674,Thaddeus Young,PF,34,TOR,54,9,795,108,198,0.545,...,5,42,88,240,1.121212,1.330082,0.572956,0.131313,1.785714,0.229113
675,Trae Young,PG,24,ATL,73,73,2541,597,1390,0.429,...,9,300,104,1914,0.969784,0.999394,0.572656,0.459712,2.470000,0.270979
676,Omer Yurtseven,C,24,MIA,9,0,83,16,27,0.593,...,2,4,16,40,1.296296,1.560062,0.674764,0.222222,0.500000,0.055788
677,Cody Zeller,C,30,MIA,15,2,217,37,59,0.627,...,4,14,33,98,1.254237,1.545741,0.658602,0.593220,0.714286,0.100376


### Team-Contextual Analytics
Understanding a player's value in the context of their *team* is also an important consideration. For example, could a given player be scoring more points simply because they're playing next to a superstar who commands more defensive attention? Is a given center grabbing lots of defensive rebounds because they're skilled, or because their teammates are forcing more bad shots?

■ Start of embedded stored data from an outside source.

(* Let $\mathcal A=\{\mathbf p\in[0,1]^4: p_1=1\}$ be the set of agreeable memory-one strategies, with the subspace topology from $\mathbb R^4$. The set $\{\mathbf p\in\mathcal A:\ \mathbf p=(1,1,0,0)\text{ or }\mathbf p\text{ is of Nash type}\}$ is a closed convex set whose interior (relative to $\mathcal A$) is the set of good strategies.
   Context: Iterated Prisoner's Dilemma: payoffs $T>R>P>S$ with $2R>T+S$; outcomes of a round are ordered $cc,cd,dc,dd$ (first letter X's play, second Y's; $c$ = cooperate, $d$ = defect); payoff vectors $\mathbf S_X=(R,S,T,P)$, $\mathbf S_Y=(R,T,S,P)$. A memory-one strategy for X is $\mathbf p=(p_1,p_2,p_3,p_4)\in[0,1]^4$, where $p_i$ is the probability that X plays $c$ in the next round given that the current round had the $i$-th outcome. A strategy pattern for Y is an arbitrary (possibly randomized and history-dependent) rule for Y's play in each round. Given initial plays and the rules used, let $\mathbf v^n$ be the probability distribution of the outcome of round $n$; a limit distribution is any limit point $\mathbf v$ of the Cesàro averages $\frac1n\sum_{k=1}^n\mathbf v^k$, and the associated expected payoffs are $s_X=\langle\mathbf v\cdot\mathbf S_X\rangle$, $s_Y=\langle\mathbf v\cdot\mathbf S_Y\rangle$. $\mathbf p$ is agreeable if $p_1=1$. $\mathbf p$ is of Nash type if it is agreeable and, for every strategy pattern of Y and every associated limit distribution, $s_Y\ge R$ implies $s_Y=R$. $\mathbf p$ is good if it is agreeable and, for every strategy pattern of Y and every associated limit distribution, $s_Y\ge R$ implies $s_Y=s_X=R$. *)

theory Defs
  imports "HOL-Analysis.Analysis"
begin
(* Let $\mathcal{X}$ be a finite set, $\mathcal{Y}$ a set with two elements, and $(X,Y)$ random variables on $\mathcal{X}\times\mathcal{Y}$ with joint distribution $P_{X,Y}$ which are not independent, so that $P_{X,Y}(x,y) = P_X(x)P_Y(y)\left(1+\varrho f^*(x)g^*(y)\right)$ for some $\varrho>0$, $f^*\in\mathcal{F}_{\mathcal{X}}$, $g^*:\mathcal{Y}\to\mathbb{R}$ with $\mathbb{E}[f^*(X)^2]=\mathbb{E}[g^*(Y)^2]=1$. Then for each (nonzero, finite-dimensional) subspace $\mathcal{G}$ of $\mathcal{F}_{\mathcal{X}}$, $$\mathrm{H}(\mathcal{G}) = \frac{\varrho^2}{2}\left\|\Pi(f^*;\mathcal{G})\right\|^2 = \max_{f\in\mathcal{G}}\mathrm{H}(f) = \mathrm{H}(\Pi(f^*;\mathcal{G})),$$ where the maximum is over (nonzero) one-dimensional features $f\in\mathcal{G}$.
   Context: $\mathcal{F}_{\mathcal{X}}$ is the space of functions $\mathcal{X}\to\mathbb{R}$ with inner product $\langle f_1,f_2\rangle=\mathbb{E}_{P_X}[f_1(X)f_2(X)]$ and norm $\|f\|=\sqrt{\langle f,f\rangle}$; $\Pi(f;\mathcal{G}) = \arg\min_{h\in\mathcal{G}}\|h-f\|$. For $f:\mathcal{X}\to\mathbb{R}^d$, $\Lambda_f = \mathbb{E}[f(X)f^{\mathrm{T}}(X)]$, $\tilde f(x)=f(x)-\mathbb{E}[f(X)]$, and the H-score (for nonsingular $\Lambda_f$) is $\mathrm{H}(f) = \frac12\mathbb{E}\left[\left\|\mathbb{E}[\Lambda_f^{-1/2}\tilde f(X)\mid Y]\right\|^2\right]$. For a subspace $\mathcal{G}$, $\mathrm{H}(\mathcal{G})$ denotes $\mathrm{H}(f)$ for any $f$ whose components form a basis of $\mathcal{G}$; this does not depend on the choice of basis. *)

theory Defs
  imports "HOL-Analysis.Analysis" "Jordan_Normal_Form.Gauss_Jordan_Elimination" "HOL-Library.Function_Algebras"
begin

definition margX :: "('x::finite \<Rightarrow> 'y::finite \<Rightarrow> real) \<Rightarrow> 'x \<Rightarrow> real" where
  "margX P x = (\<Sum>y\<in>UNIV. P x y)"

definition margY :: "('x::finite \<Rightarrow> 'y::finite \<Rightarrow> real) \<Rightarrow> 'y \<Rightarrow> real" where
  "margY P y = (\<Sum>x\<in>UNIV. P x y)"

definition ExpX :: "('x::finite \<Rightarrow> 'y::finite \<Rightarrow> real) \<Rightarrow> ('x \<Rightarrow> real) \<Rightarrow> real" where
  "ExpX P f = (\<Sum>x\<in>UNIV. margX P x * f x)"

definition ExpY :: "('x::finite \<Rightarrow> 'y::finite \<Rightarrow> real) \<Rightarrow> ('y \<Rightarrow> real) \<Rightarrow> real" where
  "ExpY P g = (\<Sum>y\<in>UNIV. margY P y * g y)"
lemma linear_on_inv_into:
  fixes f :: "(nat \<Rightarrow> 'k::field) \<Rightarrow> (nat \<Rightarrow> 'k)"
  assumes lin: "linear_on n m f" and bij: "bij_betw f (kspace n) (kspace m)"
  shows "linear_on m n (inv_into (kspace n) f)"
  unfolding linear_on_def
proof (intro conjI ballI allI)
  let ?g = "inv_into (kspace n) f"
  have g_in: "?g v \<in> kspace n" and f_g: "f (?g v) = v" if "v \<in> kspace m" for v
    using bij that by (auto simp: bij_betw_def inv_into_into f_inv_into_f)
  fix v :: "nat \<Rightarrow> 'k" assume "v \<in> kspace m"
  then show "?g v \<in> kspace n" by (rule g_in)
  fix c :: 'k and w :: "nat \<Rightarrow> 'k" assume v: "v \<in> kspace m" and w: "w \<in> kspace m"
  let ?u = "vadd (vsmult c (?g v)) (?g w)"
  have "?u \<in> kspace n" by (simp add: g_in v w kspace_vadd_vsmult)
  moreover have "f ?u = vadd (vsmult c v) w"
    using lin g_in f_g v w unfolding linear_on_def by metis
  ultimately show "?g (vadd (vsmult c v) w) = ?u"
    using bij by (metis bij_betw_def inv_into_f_f)
qed

lemma mod_isoE:
  fixes M N :: "('o, 'k::field) kmod"
  assumes "mod_iso C M N"
  obtains f :: "'o \<Rightarrow> (nat \<Rightarrow> 'k) \<Rightarrow> (nat \<Rightarrow> 'k)" where "\<And>x. linear_on (mdim M x) (mdim N x) (f x)"
    and "\<And>x. bij_betw (f x) (kspace (mdim M x)) (kspace (mdim N x))"
    and "\<And>x y a v. a \<in> hom C x y \<Longrightarrow> v \<in> kspace (mdim M y) \<Longrightarrow>
      f x (mact M x y a v) = mact N x y a (f y v)"
proof -
  obtain f :: "'o \<Rightarrow> (nat \<Rightarrow> 'k) \<Rightarrow> (nat \<Rightarrow> 'k)"
    where "\<forall>x. linear_on (mdim M x) (mdim N x) (f x) \<and> bij_betw (f x) (kspace (mdim M x)) (kspace (mdim N x))"
      and "\<forall>x y a v. a \<in> hom C x y \<longrightarrow> v \<in> kspace (mdim M y) \<longrightarrow> f x (mact M x y a v) = mact N x y a (f y v)"
    using assms unfolding mod_iso_def by blast
  then show thesis by (intro that[of f]) simp_all
qed

lemma mod_isoI:
  fixes M N :: "('o, 'k::field) kmod" and f :: "'o \<Rightarrow> (nat \<Rightarrow> 'k) \<Rightarrow> (nat \<Rightarrow> 'k)"
  assumes "\<And>x. linear_on (mdim M x) (mdim N x) (f x)"
    and "\<And>x. bij_betw (f x) (kspace (mdim M x)) (kspace (mdim N x))"
    and "\<And>x y a v. a \<in> hom C x y \<Longrightarrow> v \<in> kspace (mdim M y) \<Longrightarrow>
      f x (mact M x y a v) = mact N x y a (f y v)"
  shows "mod_iso C M N"
  unfolding mod_iso_def using assms by (intro exI[of _ f]) simp

lemma mod_iso_eqI:
  assumes "mdim M = mdim N"
    and "\<And>x y a v. a \<in> hom C x y \<Longrightarrow> v \<in> kspace (mdim M y) \<Longrightarrow> mact M x y a v = mact N x y a v"
  shows "mod_iso C M N"
  by (rule mod_isoI[where f = "\<lambda>x v. v"]) (simp_all add: assms linear_on_id bij_betw_id[unfolded id_def])
(* Let $\mu$ be a positive finite Borel measure on $[0,1)$ such that $\sum_{n=0}^\infty\mu_n<\infty$, and let $1\le p<\infty$ satisfy $\left(\|(\mu_{n+k})_{n\ge0}\|_{\ell^p}\right)_{k\ge0}\in\ell^1$. Then the Hilbert-type operator $H_\mu:H^\infty\to A(\mathbb{T})$ is a well defined compact linear operator.
   Context: $\mu_n=\int_0^1t^n\,d\mu(t)$. $H^\infty$ is the Banach space of bounded holomorphic functions on the unit disc $\mathbb{D}$ with the sup norm. $A(\mathbb{T})$ is the Wiener algebra, identified with $\{f(z)=\sum_{n\ge0}a_nz^n:\sum_n|a_n|<\infty\}$ with norm $\sum_n|a_n|$. For $f(z)=\sum_na_nz^n$, $H_\mu(f)(z)=\sum_{k=0}^\infty\left(\sum_{n=0}^\infty\mu_{n+k}a_n\right)z^k$. *)

theory Defs
  imports "HOL-Analysis.Analysis"
begin

definition moment :: "real measure \<Rightarrow> nat \<Rightarrow> real" where
  "moment M n = (\<integral>t. t ^ n \<partial>M)"

definition Hinf :: "(complex \<Rightarrow> complex) set" where
  "Hinf = {f. f holomorphic_on ball 0 1 \<and> (\<exists>C. \<forall>z\<in>ball 0 1. norm (f z) \<le> C)}"

definition Hinf_ball :: "(complex \<Rightarrow> complex) set" where
  "Hinf_ball = {f. f holomorphic_on ball 0 1 \<and> (\<forall>z\<in>ball 0 1. norm (f z) \<le> 1)}"

definition taylor_coeff :: "(complex \<Rightarrow> complex) \<Rightarrow> nat \<Rightarrow> complex" where
  "taylor_coeff f n = (deriv ^^ n) f 0 / of_nat (fact n)"

definition Hmu :: "real measure \<Rightarrow> (complex \<Rightarrow> complex) \<Rightarrow> nat \<Rightarrow> complex" where
  "Hmu M f k = (\<Sum>n. complex_of_real (moment M (n + k)) * taylor_coeff f n)"

text \<open>Norm of the Wiener algebra A(T), on coefficient sequences.\<close>
definition wiener_norm :: "(nat \<Rightarrow> complex) \<Rightarrow> real" where
  "wiener_norm c = (\<Sum>k. norm (c k))"

end

theory Submission
  imports Defs "HOL-Complex_Analysis.Great_Picard"
begin

text \<open>
  Summing the moments under the integral gives H_mu(f)_k = \<integral> t^k f(t) d\<mu>(t). Since
  \<Sum>_k t^k = 1/(1-t) and \<integral> 1/(1-t) d\<mu> = \<Sum>_n \<mu>_n < \<infinity>, the Wiener norm of H_mu(f)
  is at most \<integral> |f(t)|/(1-t) d\<mu> \<le> ||f||_\<infinity> \<Sum>_n \<mu>_n. For compactness, Montel's
  theorem extracts from a bounded sequence in H^\<infinity> a subsequence converging pointwise
  on the disc, and dominated convergence with dominating function 2/(1-t) shows that
  \<integral> |f_j(t) - g(t)|/(1-t) d\<mu> tends to 0.
\<close>

lemma sums_integral_AE:
  fixes g :: "nat \<Rightarrow> 'a \<Rightarrow> 'b::{banach, second_countable_topology}"
  assumes "\<And>n. integrable M (g n)"
    and "AE x in M. (\<lambda>n. g n x) sums s x"
    and "AE x in M. summable (\<lambda>n. norm (g n x))"
    and "summable (\<lambda>n. \<integral>x. norm (g n x) \<partial>M)"
    and "s \<in> borel_measurable M"
  shows "integrable M s" and "(\<lambda>n. \<integral>x. g n x \<partial>M) sums (\<integral>x. s x \<partial>M)"
proof -
  have sum_eq: "AE x in M. (\<Sum>n. g n x) = s x"
    using assms(2) by eventually_elim (rule sums_unique[symmetric])
  show "integrable M s"
    using integrable_suminf[OF assms(1,3,4)] sum_eq assms(5) by (subst integrable_cong_AE) auto
  have "(\<integral>x. (\<Sum>n. g n x) \<partial>M) = (\<integral>x. s x \<partial>M)"
    using sum_eq integrable_suminf[OF assms(1,3,4)] assms(5) by (intro integral_cong_AE) auto
  then show "(\<lambda>n. \<integral>x. g n x \<partial>M) sums (\<integral>x. s x \<partial>M)"
    using sums_integral[OF assms(1,3,4)] by simp
qed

The following statistics are a bit more difficult to calculate, but may yield better insight about a player's *context* within his team:

- Rebound Rate (TRB%)
- Usage Percentage (USG%)

For these stats you'll need to calculate *team* totals. I recommend creating a pivot table called `team_totals` that aggregates the sum of each column in your original dataset on a per team basis. Then when you need to use a player's team totals, you can look at the appropriate row/column of the `team_totals` dataframe. 

In [6]:
# Team-Contextual Analytics


## Querying the Data

### Simple Lookups
Display the top five players in the league for the following stats: minutes, points, free-throw attempts, 3-pointers made, and assists (For each of these statistics, number 1 should be the *biggest*). 

Do these lists make sense? (If you're not sure, check with a friend who's into basketball, they'll help!)

### More Complex Lookups

- Print out the positions in order of highest average points per player to lowest points per player.
- Repeat the previous question for average blocks per player, per position.
- Determine the league's top scorers in terms of *points per minute* among players who have played at least half their team's total minutes. 

## Visualizing the Data

- Create a heatmap that shows the number of players in each *quintile* of points scored at each position (this should be a 5x5 heatmap)
- Create a scatter plot that shows players' total points on the y axis vs minutes on the x axis. Draw a trendline fit to the data. What does that trendline represent?